Further, the step (C) includes the steps of:
(C1) extracting features from features in the trunk feature extraction network as input of a global area prior attention correction enhancement network;
(C2) performing convolution, pooling and deconvolution on the input features to obtain more abstract semantic information;
(C3) and normalizing the calculation result by a sigmoid function, and then multiplying the result by the prior attention of the global area to enhance and correct the prior attention of the global area.
(C4) Adding 1 to the calculation result, and then performing point multiplication on the features of the trunk feature extraction network to enhance the features; the calculation formula is as follows:
y=(Sigmoid(F(x))*Sigmoid(pre)+1)*w
wherein x is the input feature, F (x) is series calculation of convolution, pooling and deconvolution, sigmoid (pre) is area prior attention, points are multiplied by a mask generated in an attention correction enhancement network to correct and enhance the area prior attention, 1 is added on all elements, and finally points are formed on a feature graph w to enhance the feature graph, and then the target detection is carried out on the feature graph.
Compared with the prior art, the invention has the following remarkable advantages: the attention model-based target detection method for enhancing the prior attention of the global area fully utilizes the position information of the target in the training set to generate the prior attention, then corrects and enhances the global prior attention through the neural network, and finally enhances the characteristics generated by the main network, thereby improving the target detection precision. The method has a few target types and has a remarkable target detection scene effect with regular positions. The method has good application scenes in industrial application and has the following advantages:
(1) under the condition of poor image quality, the prior attention can determine the approximate position of the target according to the global information, so that the positioning precision is improved;
(2) the global a priori attention enhancement network can enhance and adjust a priori attention to form final more accurate attention according to specific characteristics of each image.
Drawings
FIG. 1 is a flowchart of a global area prior attention based target detection method of the present invention.
Detailed Description
The invention will be further described with reference to the accompanying drawings.

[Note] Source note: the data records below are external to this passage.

(* For every integer $m\ge1$, the polynomials $G_m(t,\beta)$ satisfy: (i) for all $\beta\in\mathbb{R}$ and $t\neq0$, $t^{m-1}G_m\!\left(\frac1t,1-\beta\right)=G_m(t,\beta)$; (ii) for all $\beta>0$, $G_m(0,\beta)>0$ if $m$ is even and $G_m(0,\beta)<0$ if $m$ is odd; (iii) for all $0<\beta<\frac12$, $G_m(-1,\beta)<0$ if $m\equiv1,2\pmod 4$ and $G_m(-1,\beta)>0$ if $m\equiv0,3\pmod4$; (iv) for all $\frac12<\beta<1$, $G_m(-1,\beta)<0$ if $m\equiv0,1\pmod4$ and $G_m(-1,\beta)>0$ if $m\equiv2,3\pmod4$.
   Context: $G_1(t,\beta)=-1$ and for $m\ge2$, $G_m(t,\beta)=[\beta(t-1)-(m-1)t]G_{m-1}(t,\beta)+t(t-1)\frac{\partial}{\partial t}G_{m-1}(t,\beta)$. *)

theory Defs
  imports "HOL-Computational_Algebra.Polynomial"
begin

text \<open>For fixed beta, Gpoly m beta is G_m(t,beta) as a polynomial in t.
  G_1 = -1;  G_m = [beta(t-1) - (m-1) t] G_(m-1) + t(t-1) d/dt G_(m-1)  (m >= 2).
  The value at m = 0 is an unused dummy.\<close>
fun Gpoly :: "nat \<Rightarrow> real \<Rightarrow> real poly" where
  "Gpoly 0 \<beta> = 0"
| "Gpoly (Suc 0) \<beta> = [:-1:]"
| "Gpoly (Suc (Suc k)) \<beta> =
     [:-\<beta>, \<beta> - real (Suc k):] * Gpoly (Suc k) \<beta>
     + [:0, -1, 1:] * pderiv (Gpoly (Suc k) \<beta>)"

definition G :: "nat \<Rightarrow> real \<Rightarrow> real \<Rightarrow> real" where
  "G m t \<beta> = poly (Gpoly m \<beta>) t"

end

theory Submission
  imports Defs
begin

text \<open>
  (i) If \<open>g(t) = t^k h(1/t)\<close> for \<open>t \<noteq> 0\<close>, then \<open>t g'(t) = k g(t) - t^(k-1) h'(1/t)\<close>; with this,
  the recursion for \<open>t^(m-1) G\<^sub>m(1/t, 1-\<beta>)\<close> becomes the recursion for \<open>G\<^sub>m(t, \<beta>)\<close>.
  (ii) At \<open>t = 0\<close> the recursion reads \<open>G\<^sub>m(0,\<beta>) = -\<beta> G\<^sub>m\<^sub>-\<^sub>1(0,\<beta>)\<close>.
  (iii), (iv) Treating \<open>G\<^sub>m\<close> as a polynomial in both variables gives
  \<open>\<partial>\<^sub>\<beta> G\<^sub>m\<^sub>+\<^sub>1 = m (t-1) G\<^sub>m\<close>, so \<open>\<partial>\<^sub>\<beta> G\<^sub>m\<^sub>+\<^sub>1(-1,\<beta>) = -2m G\<^sub>m(-1,\<beta>)\<close>.
  By (i), \<open>G\<^sub>m(-1,1-\<beta>) = (-1)^(m-1) G\<^sub>m(-1,\<beta>)\<close>; hence \<open>G\<^sub>m(-1,\<cdot>)\<close> vanishes at \<open>1/2\<close> for even \<open>m\<close>,
  and at \<open>0\<close> for odd \<open>m \<ge> 3\<close>, since also \<open>G\<^sub>m(t,0) = t G\<^sub>m(t,1)\<close>.
  Starting from that zero, the mean value theorem carries the sign of \<open>G\<^sub>m(-1,\<cdot>)\<close> on \<open>(0,1/2)\<close>
  over to \<open>G\<^sub>m\<^sub>+\<^sub>1(-1,\<cdot>)\<close>, and the reflection \<open>\<beta> \<mapsto> 1-\<beta>\<close> transfers it to \<open>(1/2,1)\<close>.
\<close>

definition pderiv_coeffs :: "'a::{comm_semiring_1,semiring_no_zero_divisors} poly poly \<Rightarrow> 'a poly poly" where
  "pderiv_coeffs R = map_poly pderiv R"

lemma coeff_pderiv_coeffs [simp]: "coeff (pderiv_coeffs R) n = pderiv (coeff R n)"
  by (simp add: pderiv_coeffs_def coeff_map_poly)

lemma pderiv_coeffs_0 [simp]: "pderiv_coeffs 0 = 0"
  by (simp add: pderiv_coeffs_def)

lemma pderiv_coeffs_smult:
  "pderiv_coeffs (smult c R) = smult (pderiv c) R + smult c (pderiv_coeffs R)"
  by (rule poly_eqI) (simp add: pderiv_mult algebra_simps)

lemma pderiv_pderiv_coeffs: "pderiv (pderiv_coeffs R) = pderiv_coeffs (pderiv R)"
  by (rule poly_eqI) (simp add: coeff_pderiv pderiv_smult of_nat_poly)

lemma pderiv_coeffs_pCons: "pderiv_coeffs (pCons a R) = pCons (pderiv a) (pderiv_coeffs R)"
  by (simp add: pderiv_coeffs_def map_poly_pCons)

lemma pderiv_poly_const: "pderiv (poly R [:b:]) = poly (pderiv_coeffs R) [:b:]"
  by (induction R) (simp_all add: pderiv_coeffs_pCons pderiv_add pderiv_smult)

lemma has_field_derivative_poly_poly_const:
  fixes R :: "'a::real_normed_field poly poly"
  shows "((\<lambda>b. poly (poly R [:b:]) t) has_field_derivative poly (poly (pderiv R) [:b:]) t) (at b)"
  by (induction R) (auto intro!: derivative_eq_intros simp: pderiv_pCons)

text \<open>\<open>G\<^sub>m(t,\<beta>)\<close> as a polynomial in \<open>\<beta>\<close> whose coefficients are polynomials in \<open>t\<close>:
  \<^const>\<open>pderiv\<close> is then \<open>\<partial>\<^sub>\<beta>\<close> and \<^const>\<open>pderiv_coeffs\<close> is \<open>\<partial>\<^sub>t\<close>.\<close>

fun Gpoly_bivar :: "nat \<Rightarrow> real poly poly" where
  "Gpoly_bivar 0 = 0"
| "Gpoly_bivar (Suc 0) = [:[:-1:]:]"
| "Gpoly_bivar (Suc (Suc k)) =
     [:[:0, - real (Suc k):], [:-1, 1:]:] * Gpoly_bivar (Suc k)
     + smult [:0, -1, 1:] (pderiv_coeffs (Gpoly_bivar (Suc k)))"

lemma Gpoly_eq_poly_Gpoly_bivar: "Gpoly m \<beta> = poly (Gpoly_bivar m) [:\<beta>:]"
proof (induction m rule: Gpoly_bivar.induct)
  case (3 k)
  have "poly [:[:0, - real (Suc k):], [:-1, 1:]:] [:\<beta>:] = [:-\<beta>, \<beta> - real (Suc k):]"
    by (simp add: algebra_simps)
  with 3 show ?case
    by (simp only: Gpoly.simps Gpoly_bivar.simps poly_add poly_mult poly_smult pderiv_poly_const)
qed simp_all

lemma pderiv_Gpoly_bivar: "pderiv (Gpoly_bivar (Suc n)) = smult (smult (real n) [:-1, 1:]) (Gpoly_bivar n)"
proof (induction n)
  case 0
  then show ?case by simp
next
  case (Suc n)
  define X :: "real poly" where "X = [:-1, 1:]"
  define C :: "real poly" where "C = [:0, -1, 1:]"
  define A :: "nat \<Rightarrow> real poly poly" where "A k = [:[:0, - real (Suc k):], X:]" for k
  have dX: "pderiv X = 1"
    by (simp add: X_def pderiv_pCons)
  have dA: "pderiv (A k) = [:X:]" for k
    by (simp add: A_def pderiv_pCons)
  have IH: "pderiv (Gpoly_bivar (Suc n)) = smult (smult (real n) X) (Gpoly_bivar n)"
    using Suc.IH by (simp add: X_def)
  have G_Suc: "Gpoly_bivar (Suc (Suc k))
      = A k * Gpoly_bivar (Suc k) + smult C (pderiv_coeffs (Gpoly_bivar (Suc k)))" for k
    by (simp add: A_def C_def X_def)
  have "pderiv (Gpoly_bivar (Suc (Suc n)))
      = A n * pderiv (Gpoly_bivar (Suc n)) + Gpoly_bivar (Suc n) * [:X:]
        + smult C (pderiv_coeffs (pderiv (Gpoly_bivar (Suc n))))"
    by (simp only: G_Suc pderiv_add pderiv_mult pderiv_smult pderiv_pderiv_coeffs dA)
  also have "\<dots> = smult X (Gpoly_bivar (Suc n))
      + smult [:real n:] (smult X (A n * Gpoly_bivar n) + smult C (Gpoly_bivar n)
                        + smult (C * X) (pderiv_coeffs (Gpoly_bivar n)))"
    by (simp add: IH pderiv_coeffs_smult pderiv_smult dX smult_add_right)
  also have "\<dots> = smult X (Gpoly_bivar (Suc n)) + smult [:real n:] (smult X (Gpoly_bivar (Suc n)))"
  proof (cases n)
    case (Suc j)
    have "[:X:] * A n + [:C:] = [:X:] * A j"
      by (simp add: A_def C_def X_def Suc algebra_simps)
    then have "([:X:] * A n + [:C:]) * Gpoly_bivar n = [:X:] * A j * Gpoly_bivar n"
      by simp
    then have "smult X (A n * Gpoly_bivar n) + smult C (Gpoly_bivar n) = smult X (A j * Gpoly_bivar n)"
      by (simp add: distrib_right)
    moreover have "Gpoly_bivar (Suc n) = A j * Gpoly_bivar n + smult C (pderiv_coeffs (Gpoly_bivar n))"
      unfolding Suc by (rule G_Suc)
    ultimately show ?thesis
      by (simp add: smult_add_right mult.commute[of C X])
  qed simp
  also have "\<dots> = smult (smult (real (Suc n)) X) (Gpoly_bivar (Suc n))"
    by (simp add: smult_add_left)
  finally show ?case by (simp add: X_def)
qed

lemma has_real_derivative_G_beta:
  "((\<lambda>\<beta>. G (Suc n) t \<beta>) has_real_derivative real n * (t - 1) * G n t \<beta>) (at \<beta>)"
  using has_field_derivative_poly_poly_const[of "Gpoly_bivar (Suc n)" t \<beta>]
  by (simp add: G_def Gpoly_eq_poly_Gpoly_bivar pderiv_Gpoly_bivar algebra_simps)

As shown in fig. 1, a target detection method based on a global area prior attention mechanism includes the following steps:
step (A), traversing a training set, and counting position information of a target in each training sample to obtain the prior attention of a global area, wherein the method comprises the following steps:
(A1) selecting an area where the target is located in the training sample picture by a manual frame, and acquiring position information of the target area where the target is located in the training sample picture to be stored as a label;
(A2) scaling the training image to a set size, and setting the prior attention size of the global area to the size;
(A3) initializing each pixel value of the prior attention of the global area to be zero, traversing each training sample, and adding one to the pixel values in all rectangular frames to obtain a thermodynamic diagram;
(A4) and normalizing the prior attention of the global area by using a sigmoid function to obtain the prior attention of the global area.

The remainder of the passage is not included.